(*
  Both families are coefficient extractions, with z = x + d(n-1).  Up to the sign (-1)^k,
  Psi^n_k(x) is the coefficient of w^z in the polynomial A_k(w) = (1 + p(w-1))^t ((w-1) w^(d-1))^k;
  up to the sign (-1)^j, Phi^n_j(x) is the coefficient of v^j in G_j(v) (1+v)^z, where
  G_j(v) = (1 + dv) (1 + pv)^(-t) (1+v)^(-1-(d-1)j).  The coefficients of (1+v)^a are the binomial
  coefficients (a gchoose i), polynomials of degree i in a, so Phi^n_j is a polynomial in x of
  degree at most j.

  As Psi^n_k has finite support, the sum over x of Phi^n_j Psi^n_k is, up to the sign (-1)^(j+k),
  the coefficient of v^j in G_j(v) A_k(1+v) = G_j(v) (1 + pv)^t v^k (1+v)^((d-1)k), i.e. that of
  v^(j-k) in (1 + dv) (1+v)^(-(d-1)(j-k)-1).  This is 0 for j < k and 1 for j = k; for
  j - k = m + 1 > 0 it vanishes because (m+1) (a gchoose (m+1)) = (a - m) (a gchoose m) and
  a - m + d(m+1) = 0 for a = -(d-1)(m+1) - 1.
*)

unbundle no vec_syntax
unbundle fps_syntax

lemma has_fps_expansion_one_plus_powi [fps_expansion_intros]:
  "(\<lambda>z::complex. (1 + z) powi m) has_fps_expansion fps_binomial (of_int m)"
proof -
  have "eventually (\<lambda>z::complex. z \<in> ball 0 1) (nhds 0)"
    by (intro eventually_nhds_in_open) auto
  then have eq: "eventually (\<lambda>z::complex. (1 + z) powr of_int m = (1 + z) powi m) (nhds 0)"
  proof eventually_elim
    case (elim z)
    then have "1 + z \<noteq> 0"
      by (auto simp: add_eq_0_iff)
    then show ?case by (simp add: complex_powr_of_int)
  qed
  show ?thesis
    using has_fps_expansion_cong[OF eq refl] has_fps_expansion_binomial_complex by blast
qed

lemma residue_poly_divide_powi:
  fixes P :: "complex poly"
  shows "residue (\<lambda>w. poly P w / w powi e) 0 = (if e \<ge> 1 then coeff P (nat (e - 1)) else 0)"
proof -
  have "(\<lambda>w. poly P w / w powi e) has_laurent_expansion fps_to_fls (fps_of_poly P) / fls_X_intpow e"
    by (intro laurent_expansion_intros has_laurent_expansion_fps)
       (simp add: has_fps_expansion_def)
  moreover have "fps_to_fls (fps_of_poly P) / fls_X_intpow e = fls_shift e (fps_to_fls (fps_of_poly P))"
    by (simp add: fls_divide_X_intpow)
  ultimately show ?thesis
    using has_laurent_expansion_residue_0 by simp
qed

lemma fps_nth_linear_times_binomial_eq_0:
  fixes c :: "'a :: field_char_0"
  assumes "a = of_nat m - c * of_nat (Suc m)"
  shows "((1 + fps_const c * fps_X) * fps_binomial a) $ Suc m = 0"
proof -
  have "of_nat (Suc m) * ((a gchoose Suc m) + c * (a gchoose m))
      = (a - of_nat m + c * of_nat (Suc m)) * (a gchoose m)"
    using gbinomial_mult_1[of a m] by (simp add: algebra_simps)
  also have "\<dots> = 0" using assms by simp
  finally show ?thesis
    by (simp add: distrib_right mult.assoc del: of_nat_Suc)
qed

lemma fps_nth_times_binomial_polynomial:
  fixes G :: "'a :: field_char_0 fps"
  shows "\<exists>P. degree P \<le> k \<and> (\<forall>y. (G * fps_binomial (y + c)) $ k = poly P y)"
proof (intro exI conjI allI)
  define Q where "Q j = smult (inverse (fact j)) (\<Prod>l<j. [:c - of_nat l, 1:])" for j
  have degree_Q: "degree (Q j) \<le> j" for j
  proof -
    have "degree (\<Prod>l<j. [:c - of_nat l, 1:]) \<le> (\<Sum>l<j. degree [:c - of_nat l, 1 :: 'a:])"
      using degree_prod_sum_le[of "{..<j}" "\<lambda>l. [:c - of_nat l, 1:]"] by (simp add: o_def)
    then show ?thesis by (simp add: Q_def)
  qed
  have poly_Q: "poly (Q j) y = (y + c) gchoose j" for j y
    by (simp add: Q_def gbinomial_prod_rev poly_prod atLeast0LessThan field_simps)
  define P where "P = (\<Sum>i\<le>k. smult (G $ i) (Q (k - i)))"
  show "degree P \<le> k"
    unfolding P_def
    by (intro degree_sum_le order.trans[OF degree_smult_le]) (auto intro: le_trans[OF degree_Q])
  show "(G * fps_binomial (y + c)) $ k = poly P y" for y
    by (simp add: P_def fps_mult_nth poly_sum poly_Q atLeast0AtMost)
qed

lemma pcompose_power: "pcompose (p ^ n) q = pcompose p q ^ n"
  for p q :: "'a :: comm_semiring_1 poly"
  by (induction n) (simp_all add: pcompose_1 pcompose_mult)

lemma fps_nth_times_pcompose_one_plus_X:
  fixes A :: "'a :: comm_ring_1 poly"
  shows "(H * fps_of_poly (pcompose A [:1, 1:])) $ j
           = (\<Sum>i\<le>degree A. coeff A i * (H * (1 + fps_X) ^ i) $ j)"
proof -
  have "fps_of_poly (pcompose A [:1, 1:]) = (\<Sum>i\<le>degree A. fps_const (coeff A i) * (1 + fps_X) ^ i)"
    unfolding pcompose_altdef poly_altdef
    by (simp add: degree_map_poly coeff_map_poly fps_of_poly_sum fps_of_poly_smult fps_of_poly_power
                  fps_of_poly_pCons)
  then show ?thesis
    by (simp add: sum_distrib_left fps_sum_nth mult.left_commute[of H])
qed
--
Scan the entries above for the string "gchoose" and copy each line that contains it.

The answer:
  coefficients (a gchoose i), polynomials of degree i in a, so Phi^n_j is a polynomial in x of
  j - k = m + 1 > 0 it vanishes because (m+1) (a gchoose (m+1)) = (a - m) (a gchoose m) and
  have "of_nat (Suc m) * ((a gchoose Suc m) + c * (a gchoose m))
      = (a - of_nat m + c * of_nat (Suc m)) * (a gchoose m)"
  have poly_Q: "poly (Q j) y = (y + c) gchoose j" for j y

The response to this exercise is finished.